# Help Needed..............



## muniba (Sep 9, 2014)

Hi everyone i am in need of serious help, in matric i obtained 962/1050, in fsc 935/1100 , my mcat scores are 79.6 %, and in nust its 76% so the thing that i know tht i can get into some private medical college, but on the other hand really wanna repeat my mcat and nust......... so need help tht whats better private or repeating.....and how can i be sure that this time all will go in my favour


----------



## lichking (Oct 15, 2014)

wow.i have the same problem.the thing about repeating is that you must get 1000 above in MCAT to make repeating worth it.but just think about it.the number of students in mcat will increase next year,so there will be more competition and a new rule has been introduced that there will be 50% seats for girls and 50% for boys.this further increases the competition as girls had more seats before.and also the gov. is trying to finish the undertaking of MCAT so you never know when they surprise you with this decision.in my opinion,if you get admission in a good private college this year, then don't repeat.


----------



## Bilal Faiz (Sep 24, 2014)

i guess next year there wont be mcat so repeating it wont work


----------



## MedRook (Oct 15, 2014)

The best think you can do is study a little more, try again and hope for the best.


----------



## IQRA22 (Oct 14, 2014)

Bilal Faiz said:


> i guess next year there wont be mcat so repeating it wont work


who said u 
and r u doctor ??


----------



## MedRook (Oct 15, 2014)

muniba said:


> Hi everyone i am in need of serious help, in matric i obtained 962/1050, in fsc 935/1100 , my mcat scores are 79.6 %, and in nust its 76% so the thing that i know tht i can get into some private medical college, but on the other hand really wanna repeat my mcat and nust......... so need help tht whats better private or repeating.....and how can i be sure that this time all will go in my favour





IQRA22 said:


> who said u
> and r u doctor ??



You guys do know that there is a International Equivilant MCAT exam now? You can take it unlimited times


----------



## IQRA22 (Oct 14, 2014)

MedRook said:


> You guys do know that there is a International Equivilant MCAT exam now? You can take it unlimited times


sorry mjy smj nai aye


----------



## MedRook (Oct 15, 2014)

IQRA22 said:


> sorry mjy smj nai aye


Please attend to the General Rules

*"English Only*
Only English is allowed. Write in another language and we will delete it. Writing in shorthand (similar to typing a SMS) by using words such as u, dun, lyk, nt, c00l, etc is prohibited. It does not make you cool, it only makes us think that you're a toddler. Spelling is important. If you don't know how to spell, use a spell checker. Posts with terrible spelling will be deleted."


----------



## IckyVicky (Jul 7, 2014)

MedRook said:


> You guys do know that there is a International Equivilant MCAT exam now? You can take it unlimited times


I apologize for sounding oblivious, but, no, I don't know about it. Could you post something more about that test? It'd be great, if, you would!


----------



## shaheen1100 (Sep 3, 2014)

MedRook said:


> Please attend to the General Rules
> 
> *"English Only*
> Only English is allowed. Write in another language and we will delete it. Writing in shorthand (similar to typing a SMS) by using words such as u, dun, lyk, nt, c00l, etc is prohibited. It does not make you cool, it only makes us think that you're a toddler. Spelling is important. If you don't know how to spell, use a spell checker. Posts with terrible spelling will be deleted."

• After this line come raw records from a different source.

(* Under Assumption 1, there exist constants $c_1,c_2>0$, depending only on the problem data ($A,b,C,c$, the $f_i$ and $W$), such that for every $\lambda\in\mathbb{D}$, \[ \|\lambda-\bar\lambda\|_W\ \le\ \big(c_1+c_2\,\mathcal T(\lambda)^2\big)\,\|\nabla^+ d(\lambda)\|_W , \] where $\bar\lambda=[\lambda]^W_{\Lambda^*}$.
   Context: Standing setup. Consider $\min_{z}\ f(z)=\sum_{i=1}^M f_i(z_i)$ subject to $Az=b$, $Cz\le c$, where $z=(z_1,\dots,z_M)$, $z_i\in\mathbb{R}^{n_i}$, $n=\sum_i n_i$, $A\in\mathbb{R}^{p\times n}$, $C\in\mathbb{R}^{q\times n}$, $b\in\mathbb{R}^p$, $c\in\mathbb{R}^q$, and each $f_i:\mathbb{R}^{n_i}\to\mathbb{R}$ is convex. The rows are partitioned into $\bar M$ blocks: $A$ has blocks $A_{ji}\in\mathbb{R}^{p_j\times n_i}$ and $C$ has blocks $C_{ji}\in\mathbb{R}^{q_j\times n_i}$. A matrix $E\in\{0,1\}^{\bar M\times M}$ is given such that $E_{ji}=0$ implies $A_{ji}=0$ and $C_{ji}=0$; $\bar{\mathcal N}_i=\{j: E_{ji}\neq 0\}$, $\mathcal N_j=\{i:E_{ji}\ne 0\}$. Let $G=\begin{bmatrix}A\\ C\end{bmatrix}$, $g=\begin{bmatrix}b\\ c\end{bmatrix}$, $\lambda=(\nu,\mu)$, $\mathbb{D}=\mathbb{R}^p\times\mathbb{R}^q_+$, $\mathcal L(z,\lambda)=f(z)+\langle\lambda,Gz-g\rangle$, $d(\lambda)=\min_{z}\mathcal L(z,\lambda)$, $\nabla d(\lambda)=Gz(\lambda)-g$ with $z(\lambda)$ the unique minimizer of $\mathcal L(\cdot,\lambda)$. $L_{d_i}=\big\|\begin{bmatrix}[A_{ji}]_{j\in\bar{\mathcal N}_i}\\ [C_{ji}]_{j\in\bar{\mathcal N}_i}\end{bmatrix}\big\|^2/\sigma_i$; $W=\mathrm{diag}(W_\nu,W_\mu)$, $W_\nu=\mathrm{diag}\big(\sum_{i\in\mathcal N_j}L_{d_i}I_{p_j};\ j\big)$, $W_\mu=\mathrm{diag}\big(\sum_{i\in\mathcal N_j}L_{d_i}I_{q_j};\ j\big)$, assumed positive definite; $\|x\|_W=\sqrt{x^TWx}$. Assumption 1: (a) each $f_i$ is $\sigma_i$-strongly convex and has $L_i$-Lipschitz gradient (Euclidean norm); (b) $A$ has full row rank and there is $\tilde z$ with $A\tilde z=b$, $C\tilde z<c$. Under Assumption 1 the set $\Lambda^*$ of maximizers of $d$ over $\mathbb{D}$ is nonempty, convex and bounded, and $\max_{\mathbb D} d=f^*$ (the primal optimal value). Notation: $[x]^W_S$ denotes the projection of $x$ onto a closed convex set $S$ with respect to $\|\cdot\|_W$. The proximal residual is $\nabla^+ d(\lambda)=[\lambda+W^{-1}\nabla d(\lambda)]^W_{\mathbb D}-\lambda$ for $\lambda\in\mathbb D$. $\mathcal T(\lambda)=\max_{\lambda^*\in\Lambda^*}\|\lambda-\lambda^*\|_W$. *)

theory Defs
  imports "HOL-Analysis.Analysis"
begin

text \<open>
Primal variable z :: real^'n; the coordinates are partitioned into
primal blocks by blk :: 'n => 'm (block i = coordinates c with blk c = i, so
z_i in R^{n_i}).  The constraint rows (rows of G = [A; C]) are indexed by 'r;
eqr r = True marks rows of A (equalities), eqr r = False rows of C
(inequalities).  Rows are partitioned into dual blocks by rblk :: 'r => 'k.
A function f_i : R^{n_i} -> R is represented by its lifting F i : real^'n => real,
which depends only on the coordinates of block i.
\<close>

definition blockproj :: "('n \<Rightarrow> 'm) \<Rightarrow> 'm \<Rightarrow> real^'n \<Rightarrow> real^'n" where
  "blockproj blk i x = (\<chi> c. if blk c = i then x $ c else 0)"

definition depends_only_on_block :: "('n \<Rightarrow> 'm) \<Rightarrow> 'm \<Rightarrow> (real^'n \<Rightarrow> real) \<Rightarrow> bool" where
  "depends_only_on_block blk i F \<longleftrightarrow>
     (\<forall>x y. blockproj blk i x = blockproj blk i y \<longrightarrow> F x = F y)"

definition block_strongly_convex ::
  "('n \<Rightarrow> 'm) \<Rightarrow> 'm \<Rightarrow> real \<Rightarrow> (real^'n \<Rightarrow> real) \<Rightarrow> bool" where
  "block_strongly_convex blk i \<sigma> F \<longleftrightarrow>
     convex_on UNIV (\<lambda>x. F x - \<sigma> / 2 * (norm (blockproj blk i x))\<^sup>2)"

u first tell me who r u ??????


----------



## lichking (Oct 15, 2014)

MedRook said:


> You guys do know that there is a International Equivilant MCAT exam now? You can take it unlimited times


pardon our lack of enlightenment,medrook,but we've no idea what you're talking about. *attending to general rules* classic.


----------



## IckyVicky (Jul 7, 2014)

lichking said:


> pardon our lack of enlightenment,medrook,but we've no idea what you're talking about. *attending to general rules* classic.

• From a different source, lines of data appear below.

definition wf_graph :: "('v, 'e) hgraph \<Rightarrow> bool" where
  "wf_graph G \<longleftrightarrow> finite (nodes G) \<and> finite (edges G) \<and>
     (\<forall>e\<in>edges G. src G e \<in> nodes G \<and> tgt G e \<in> nodes G)"

text \<open>A rule edge between rule nodes 1 and 2 matches a host edge in either direction.\<close>
definition between :: "('v, 'e) hgraph \<Rightarrow> 'e \<Rightarrow> 'v \<Rightarrow> 'v \<Rightarrow> bool" where
  "between G e a b \<longleftrightarrow> e \<in> edges G \<and>
     ((src G e = a \<and> tgt G e = b) \<or> (src G e = b \<and> tgt G e = a))"

text \<open>GP 2 conventions: a root node of the left-hand side matches only host roots, a non-root
  left-hand-side node matches root and non-root host nodes; matches are injective, so nodes 1
  and 2 are distinct. No rule deletes anything, so the dangling condition holds trivially.\<close>

definition r_init :: "('v, 'e) hgraph \<Rightarrow> ('v, 'e) hgraph \<Rightarrow> bool" where
  "r_init G H \<longleftrightarrow> (\<exists>v\<in>nodes G. nmark G v = NGrey \<and>
     H = G\<lparr>nmark := (nmark G)(v := NBlue), root := (root G)(v := True)\<rparr>)"

definition r_match :: "('v, 'e) hgraph \<Rightarrow> ('v, 'e) hgraph \<Rightarrow> bool" where
  "r_match G H \<longleftrightarrow> (\<exists>v\<in>nodes G. nmark G v = NGrey) \<and> H = G"

definition r_next_edge :: "('v, 'e) hgraph \<Rightarrow> ('v, 'e) hgraph \<Rightarrow> bool" where
  "r_next_edge G H \<longleftrightarrow> (\<exists>a b e. a \<in> nodes G \<and> b \<in> nodes G \<and> a \<noteq> b \<and> between G e a b \<and>
     nmark G a = NBlue \<and> root G a \<and> emark G e = EUnmarked \<and>
     H = G\<lparr>emark := (emark G)(e := ERed)\<rparr>)"

definition r_ignore :: "('v, 'e) hgraph \<Rightarrow> ('v, 'e) hgraph \<Rightarrow> bool" where
  "r_ignore G H \<longleftrightarrow> (\<exists>a b e. a \<in> nodes G \<and> b \<in> nodes G \<and> a \<noteq> b \<and> between G e a b \<and>
     nmark G a = NBlue \<and> root G a \<and> nmark G b = NBlue \<and> emark G e = ERed \<and>
     H = G\<lparr>emark := (emark G)(e := EBlue)\<rparr>)"

definition r_move :: "('v, 'e) hgraph \<Rightarrow> ('v, 'e) hgraph \<Rightarrow> bool" where
  "r_move G H \<longleftrightarrow> (\<exists>a b e. a \<in> nodes G \<and> b \<in> nodes G \<and> a \<noteq> b \<and> between G e a b \<and>
     nmark G a = NBlue \<and> root G a \<and> nmark G b = NGrey \<and> emark G e = ERed \<and>
     H = G\<lparr>nmark := (nmark G)(a := NBlue, b := NBlue),
            root := (root G)(a := False, b := True),
            emark := (emark G)(e := EDashed)\<rparr>)"

definition r_back :: "('v, 'e) hgraph \<Rightarrow> ('v, 'e) hgraph \<Rightarrow> bool" where
  "r_back G H \<longleftrightarrow> (\<exists>a b e. a \<in> nodes G \<and> b \<in> nodes G \<and> a \<noteq> b \<and> between G e a b \<and>
     nmark G a = NBlue \<and> nmark G b = NBlue \<and> root G b \<and> emark G e = EDashed \<and>
     H = G\<lparr>nmark := (nmark G)(a := NBlue, b := NBlue),
            root := (root G)(a := True, b := False),
            emark := (emark G)(e := EBlue)\<rparr>)"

He was talking about USMLE.


----------



## Crypt (Oct 8, 2013)

IckyVicky said:


> He was talking about USMLE.


USMLE is not an MCAT equivalent,
Its a PMDC exam equivalent.


----------



## IckyVicky (Jul 7, 2014)

Crypt said:


> USMLE is not an MCAT equivalent,
> Its a PMDC exam equivalent.


I know, it's not. But, in the States, you take the MCAT after graduating from college. So, MedRook thought, the MCAT, Muniba'd written about was the USMLE. He didn't know, we take the USMLE after completing MBBS, here.


----------



## Crypt (Oct 8, 2013)

IckyVicky said:


> I know, it's not. But, in the States, you take the MCAT after graduating from college. So, MedRook thought, the MCAT, Muniba'd written about was the USMLE. He didn't know, we take the USMLE after completing MBBS, here.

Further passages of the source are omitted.